北欧の国、ノルウェーはオスロから、大人世代に伝えたい暮らしのヒントをレポートする北欧便り。
今回のテーマは「美と健康」。

ノルウェー女性が考える美と健康はいったいどんなものなのでしょうか。50代になってもよいスタイルを保ち、元気でいられる秘訣は何でしょう。実際の50代の女性nのリアルな声をお届けします。

「自然+新鮮な空気」が私の健康法!

今回お話を伺ったのは、映画プロデューサーであるカトリーナ・プリセールさん。家族代々ノルウェーの映画界に携わってきた生粋の映画人です。
彼女は47歳でテニス、55歳でセイリングとカヤックを始めたスポーツウーマンでもあります。そして現在の趣味はなんとダイビング(飛び込み)。フィヨルドや湖で飛び込みをしたり泳いだりするのにハマっています。
「実は、ダイビングをするのが長年の夢だったんです。

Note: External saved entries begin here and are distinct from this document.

(* For every $\epsilon>0$ there is a constant $C(\epsilon)>0$ such that $R_3(n)\le C(\epsilon)\, n^{1/3+\epsilon}$ for all positive integers $n$.
   Context: For a positive integer $n$, $R_3(n)$ denotes the number of ordered triples $(x,y,z)$ of positive integers with $n = xyz + x + y + z$. *)

theory Defs
  imports Complex_Main
begin

definition R3 :: "nat \<Rightarrow> nat" where
  "R3 n = card {(x :: nat, y :: nat, z :: nat). 0 < x \<and> 0 < y \<and> 0 < z \<and> n = x * y * z + x + y + z}"

end

theory Submission
  imports Defs "HOL-Computational_Algebra.Primes"
begin

text \<open>Multiplying n = xyz + x + y + z by x gives (xy + 1)(xz + 1) = xn + 1 - x^2, so for fixed x
  every solution is determined by the divisor xy + 1 of xn + 1 - x^2 \<le> n^2. By symmetry one may
  assume that x is the smallest coordinate, i.e. x^3 \<le> n, which leaves at most n^(1/3) values of x.
  The classical divisor bound d(m) = O(m^\<epsilon>) then gives R_3(n) = O(n^(1/3 + \<epsilon>)).\<close>

definition divisor_count :: "nat \<Rightarrow> nat" where
  "divisor_count m = card {d. d dvd m}"

text \<open>No positivity hypotheses are needed: 0 has infinitely many divisors, so its count is 0.\<close>

lemma divisor_count_mult_le: "divisor_count (a * b) \<le> divisor_count a * divisor_count b"
proof (cases "a = 0 \<or> b = 0")
  case True
  then show ?thesis by (auto simp: divisor_count_def)
next
  case False
  have "{d. d dvd a * b} \<subseteq> (\<lambda>(u, v). u * v) ` ({u. u dvd a} \<times> {v. v dvd b})"
    by (auto elim!: dvd_productE)
  then have "divisor_count (a * b) \<le> card ((\<lambda>(u, v). u * v) ` ({u. u dvd a} \<times> {v. v dvd b}))"
    unfolding divisor_count_def using False by (intro card_mono finite_imageI) auto
  also have "\<dots> \<le> card ({u. u dvd a} \<times> {v. v dvd b})"
    using False by (intro card_image_le) auto
  finally show ?thesis by (simp add: divisor_count_def card_cartesian_product)
qed

lemma divisor_count_prod_le: "divisor_count (\<Prod>i\<in>A. f i) \<le> (\<Prod>i\<in>A. divisor_count (f i))"
proof (induction A rule: infinite_finite_induct)
  case (insert i A)
  then show ?case
    using divisor_count_mult_le[of "f i" "prod f A"] by (simp add: order_trans mult_le_mono2)
qed (simp_all add: divisor_count_def)

lemma divisor_count_prime_power:
  assumes "prime (p :: nat)"
  shows "divisor_count (p ^ k) = Suc k"
proof -
  have "{d. d dvd p ^ k} = (\<lambda>i. p ^ i) ` {..k}"
    using divides_primepow_nat[OF assms] by auto
  moreover have "inj_on (\<lambda>i. p ^ i) {..k}"
    using prime_gt_1_nat[OF assms] by (intro inj_onI) (simp add: power_inject_exp)
  ultimately show ?thesis
    unfolding divisor_count_def by (simp add: card_image)
qed

lemma Suc_le_powr_mult:
  fixes \<epsilon> b :: real
  assumes "\<epsilon> > 0" and "b \<ge> 2"
  shows "real (Suc k) \<le> (1 + 1 / (\<epsilon> * ln 2)) * (b ^ k) powr \<epsilon>"
proof -
  define K where "K = 1 + 1 / (\<epsilon> * ln 2)"
  have K: "K \<ge> 1" "K * (\<epsilon> * ln 2) \<ge> 1"
    using assms unfolding K_def by (auto simp: field_simps)
  have "2 powr (real k * \<epsilon>) = exp (real k * \<epsilon> * ln 2)"
    by (simp add: powr_def)
  also have "\<dots> \<ge> 1 + real k * \<epsilon> * ln 2"
    by (rule exp_ge_add_one_self)
  finally have exp_bound: "1 + real k * \<epsilon> * ln 2 \<le> 2 powr (real k * \<epsilon>)" .
  have "real (Suc k) = 1 + real k * 1"
    by simp
  also have "\<dots> \<le> K + real k * (K * (\<epsilon> * ln 2))"
    using K by (intro add_mono mult_left_mono) auto
  also have "\<dots> = K * (1 + real k * \<epsilon> * ln 2)"
    by (simp add: algebra_simps)
  also have "\<dots> \<le> K * 2 powr (real k * \<epsilon>)"
    using exp_bound K by (intro mult_left_mono) auto
  also have "\<dots> \<le> K * b powr (real k * \<epsilon>)"
    using assms K by (intro mult_left_mono powr_mono2) auto
  also have "\<dots> = K * (b ^ k) powr \<epsilon>"
    using assms by (simp add: powr_realpow[symmetric] powr_powr)
  finally show ?thesis unfolding K_def .
qed
(* Let $T$ be a normal spanning tree of a connected graph $G$ with $n$ vertices and $m$ edges. For any $\mathbf{0}\ne r=(r_1,\dots,r_{m-n+1})\in\mathbb{I}^{m-n+1}$, let $s=(2\pi-r_1,\dots,2\pi-r_{m-n+1})$ with entries taken modulo $2\pi$ (so $s\in\mathbb{I}^{m-n+1}$). Then $\mathcal{A}_T(r)$ and $\mathcal{A}_T(s)$ are $\mathbb{T}$-cospectral, i.e. all $\mathbb{T}$-gain graphs in $\mathcal{A}_T(r)\cup\mathcal{A}_T(s)$ have adjacency matrices with the same spectrum.
   Context: Graphs are finite, simple and undirected. $\mathbb{T}=\{z\in\mathbb{C}:|z|=1\}$, $\mathbb{I}=[0,2\pi)$, $\mathbf{0}=(0,\dots,0)$. A $\mathbb{T}$-gain on $G$ is a map $\varphi$ from oriented edges to $\mathbb{T}$ with $\varphi(\overrightarrow{e_{ts}})=\varphi(\overrightarrow{e_{st}})^{-1}$; $A(\Phi)$ for $\Phi=(G,\varphi)$ is the Hermitian matrix with $(s,t)$ entry $\varphi(\overrightarrow{e_{st}})$ if $v_s\sim v_t$, else $0$; $\mathcal{T}_G$ is the set of all $\mathbb{T}$-gain graphs on $G$. The gain of a directed cycle is the product of gains of its oriented edges. A rooted spanning tree $T$ with root $v_r$ induces the tree order ($v_x\le v_y$ iff $v_x$ is on the $T$-path from $v_r$ to $v_y$); $T$ is normal if adjacent vertices of $G$ are always comparable. The suitably oriented graph $\overrightarrow{G_T}$ orients each edge $e_{st}$ with $v_s\le v_t$ as $\overrightarrow{e_{st}}$ if $e_{st}\in E(T)$ and as $\overrightarrow{e_{ts}}$ otherwise; the $m-n+1$ fundamental cycles of $T$ become directed cycles $\overrightarrow{C_j(T)}$. For $r=(c_1,\dots,c_{m-n+1})\in\mathbb{I}^{m-n+1}$, $\mathcal{A}_T(r)=\{(G,\varphi)\in\mathcal{T}_G:\varphi(\overrightarrow{C_j(T)})=e^{ic_j}\ \forall j\}$. *)

theory Defs
  imports "Jordan_Normal_Form.Char_Poly" "HOL-Computational_Algebra.Fundamental_Theorem_Algebra"
begin

definition gr_simple :: "nat set \<Rightarrow> (nat \<Rightarrow> nat \<Rightarrow> bool) \<Rightarrow> bool" where
  "gr_simple V E \<longleftrightarrow> finite V \<and> (\<forall>u v. E u v \<longrightarrow> u \<in> V \<and> v \<in> V \<and> E v u \<and> u \<noteq> v)"

definition gr_walk :: "(nat \<Rightarrow> nat \<Rightarrow> bool) \<Rightarrow> nat list \<Rightarrow> bool" where
  "gr_walk E xs \<longleftrightarrow> xs \<noteq> [] \<and> (\<forall>i. Suc i < length xs \<longrightarrow> E (xs ! i) (xs ! Suc i))"

definition gr_path :: "(nat \<Rightarrow> nat \<Rightarrow> bool) \<Rightarrow> nat list \<Rightarrow> bool" where
  "gr_path E xs \<longleftrightarrow> gr_walk E xs \<and> distinct xs"

definition gr_connected :: "nat set \<Rightarrow> (nat \<Rightarrow> nat \<Rightarrow> bool) \<Rightarrow> bool" where
  "gr_connected V E \<longleftrightarrow> V \<noteq> {} \<and>
     (\<forall>u\<in>V. \<forall>v\<in>V. \<exists>p. gr_walk E p \<and> set p \<subseteq> V \<and> hd p = u \<and> last p = v)"

definition gr_acyclic :: "(nat \<Rightarrow> nat \<Rightarrow> bool) \<Rightarrow> bool" where
  "gr_acyclic E \<longleftrightarrow> \<not> (\<exists>c. gr_path E c \<and> length c \<ge> 3 \<and> E (last c) (hd c))"

definition spanning_tree :: "nat set \<Rightarrow> (nat \<Rightarrow> nat \<Rightarrow> bool) \<Rightarrow> (nat \<Rightarrow> nat \<Rightarrow> bool) \<Rightarrow> bool" where
  "spanning_tree V G T \<longleftrightarrow> gr_simple V T \<and> (\<forall>u v. T u v \<longrightarrow> G u v) \<and>
     gr_connected V T \<and> gr_acyclic T"
lemma gray_horn_of_smap:
  assumes pcX: "pre_complicial X" and pcY: "pre_complicial Y" and "2 \<le> n" "k \<le> n"
    and f: "smap (Delta_nk_d n k) (gray X Y) f" and x: "x \<in> simp X n" and y: "y \<in> simp Y n"
    and f_eq: "\<And>m \<alpha>. \<alpha> \<in> dsimp n m \<Longrightarrow> f m \<alpha> = (act X n m x \<alpha>, act Y n m y \<alpha>)"
  shows "gray_horn n k (face_marked X n x) (face_marked Y n y)"
proof -
  have X: "is_msset X" and Y: "is_msset Y" using pcX pcY unfolding pre_complicial_def by auto
  have ssX: "is_sset X" and ssY: "is_sset Y" using X Y by (auto intro: is_msset_is_sset)
  have split: "face_marked X n x {t\<in>T. t \<le> s} \<or> face_marked Y n y {t\<in>T. s \<le> t}"
    if T: "T \<subseteq> {0..n}" "enum_of T \<in> mark (Delta_nk_d n k) (card T - 1)" and s: "s \<in> T" for T s
  proof -
    have "finite T" "T \<noteq> {}" using T(1) s finite_subset by auto
    note T_enum = enum_of_enumerates[OF this T(1)]
    have "f (card T - 1) (enum_of T) \<in> mark (gray X Y) (card T - 1)"
      using f T(2) unfolding smap_def by blast
    then show ?thesis
      using gray_act_marked_iff[OF ssX ssY x y T_enum(1,2)] f_eq[OF T_enum(4)] s
      unfolding T_enum(3) by auto
  qed
  show ?thesis
  proof (unfold_locales)
    show "2 \<le> n" "k \<le> n" by fact+
  next
    fix T s assume T: "T \<subseteq> {0..n}" "2 \<le> card T" "{t. t \<le> n \<and> k \<le> t + 1 \<and> t \<le> k + 1} \<subseteq> T" "s \<in> T"
    have "finite T" "T \<noteq> {}" using T(1,4) finite_subset by auto
    note T_enum = enum_of_enumerates[OF this T(1)]
    have "enum_of T \<in> mark (Delta_nk_d n k) (card T - 1)"
      unfolding Delta_nk_d_def mark_nk_def using T_enum(3,4) T(2,3) by auto
    then show "face_marked X n x {t \<in> T. t \<le> s} \<or> face_marked Y n y {t \<in> T. s \<le> t}"
      using split T(1,4) by blast
  next
    fix j s assume js: "j \<le> n" "j \<noteq> k" "s \<le> n" "s \<noteq> j"
    define T where "T = {0..n} - {j}"
    have T: "T \<subseteq> {0..n}" "finite T" "T \<noteq> {}" "s \<in> T" "card T - 1 = n - 1"
      using js unfolding T_def by (auto simp: card_Diff_singleton)
    note T_enum = enum_of_enumerates[OF T(2,3,1)]
    have "enum_of T \<in> mark (Delta_nk_d n k) (card T - 1)"
      unfolding Delta_nk_d_def T(5) using T_enum(2,3,4) js(1,2) unfolding T(5) T_def by auto
    then show "face_marked X n x {t \<in> {0..n} - {j}. t \<le> s} \<or>
        face_marked Y n y {t \<in> {0..n} - {j}. s \<le> t}"
      using split[OF T(1) _ T(4)] unfolding T_def by blast
  next
    fix a b u assume "a + 2 \<le> b" "b \<le> n" "a \<le> u" "u \<le> b"
      "\<And>T. T \<subseteq> {a..b} \<Longrightarrow> 2 \<le> card T \<Longrightarrow> {t. a \<le> t \<and> t \<le> b \<and> u \<le> t + 1 \<and> t \<le> u + 1} \<subseteq> T \<Longrightarrow>
         face_marked X n x T"
      "\<And>v. a \<le> v \<Longrightarrow> v \<le> b \<Longrightarrow> v \<noteq> u \<Longrightarrow> face_marked X n x ({a..b} - {v})"
    then show "face_marked X n x ({a..b} - {u})" by (rule face_marked_horn[OF pcX x])
  next
    fix a b u assume "a + 2 \<le> b" "b \<le> n" "a \<le> u" "u \<le> b"
      "\<And>T. T \<subseteq> {a..b} \<Longrightarrow> 2 \<le> card T \<Longrightarrow> {t. a \<le> t \<and> t \<le> b \<and> u \<le> t + 1 \<and> t \<le> u + 1} \<subseteq> T \<Longrightarrow>
         face_marked Y n y T"
      "\<And>v. a \<le> v \<Longrightarrow> v \<le> b \<Longrightarrow> v \<noteq> u \<Longrightarrow> face_marked Y n y ({a..b} - {v})"
    then show "face_marked Y n y ({a..b} - {u})" by (rule face_marked_horn[OF pcY y])
  next
    fix s show "\<not> face_marked X n x {s}" "\<not> face_marked Y n y {s}"
      using X Y unfolding face_marked_def is_msset_def by simp_all
  qed
qed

意を決して習い始めたのは52歳の時。それから自分は変わりましたね。何かを始めるのに遅いということはないんだと思いました。何をするにも勇気が湧いてきたんです。」
憧れのスポーツを習い始めたら、心身ともに良い変化が起きたようです。人がいない早朝、フィヨルドの飛び込み台からダイブして爽快な気分を味わいます。冬のオスロフィヨルドは水温2度ととても冷たいのですが、それも平気。夏冬関係なく一年を通して、自分のコンディションと相談しながらダイビングを続けています。

自宅から歩いて行けるオスロフィヨルド。美しいオスロの街並みを眺めながら真っ青な海へ飛び込む最高の瞬間。

有名な建築物オペラハウスを背にしてオスロフィヨルドへ飛び込む。まだ雪が残っている春先でもダイビングして心身を引き締める。

なぜ次々に新しいアウトドアスポーツに挑戦しているのでしょうか。
「屋外で身体を動かすことが大好きなんです。それにテニスやスキーなどスポーツをしていると、同じような目的を持った女性たちに出会うんです。皆さん、普段は仕事バリバリでパワーワークしている人ばかり。彼女たちと一緒に身体を動かしていると楽しいんですよね。」
どうやらノルウェーの女性は身体を動かすことが好きみたいですね。ジムに通ったりしないのでしょうか。

テニスは冬は屋内施設ですることも多い。テニス仲間と会うのも楽しみのひとつ。

イースター時期(4月初旬)はスキーを楽しむ。ノルウェーでスキーといえばクロスカントリーを指す。この時期日本では桜が咲くが、ノルウェーは気温が氷点下になる日も。冬が長いノルウェーではスキーは国民的スポーツだ。

「私はノルウェーで生まれ、新鮮な空気が一番良いという教育のもと育ちました。ノルウェーには十分な土地や空間があり、子供が遊べる場所も多い。アクティブに屋外に行ける環境が整っているんです。素晴らしい自然の中で、冬はスキーができ、夏はフィヨルドで泳ぐことができます。オスロにもフィヨルドがあるんですよ。私の職場や自宅からフィヨルドまで歩いて行けるし、ものの15分も行くと山が控えているんです。都会に住んでいても自然にリーチするのはとても簡単なんです」
ドラマティックな色に染まる朝陽や夕陽を眺めているだけで癒やされるし、夏の24時間陽が沈まない白夜の光の微妙な美しさにも心奪われると言います。人々の暮らしのすぐそばに豊かな自然が広がっており、それに触れるのが最高の健康法であり、散歩するだけでよい運動になると考えています。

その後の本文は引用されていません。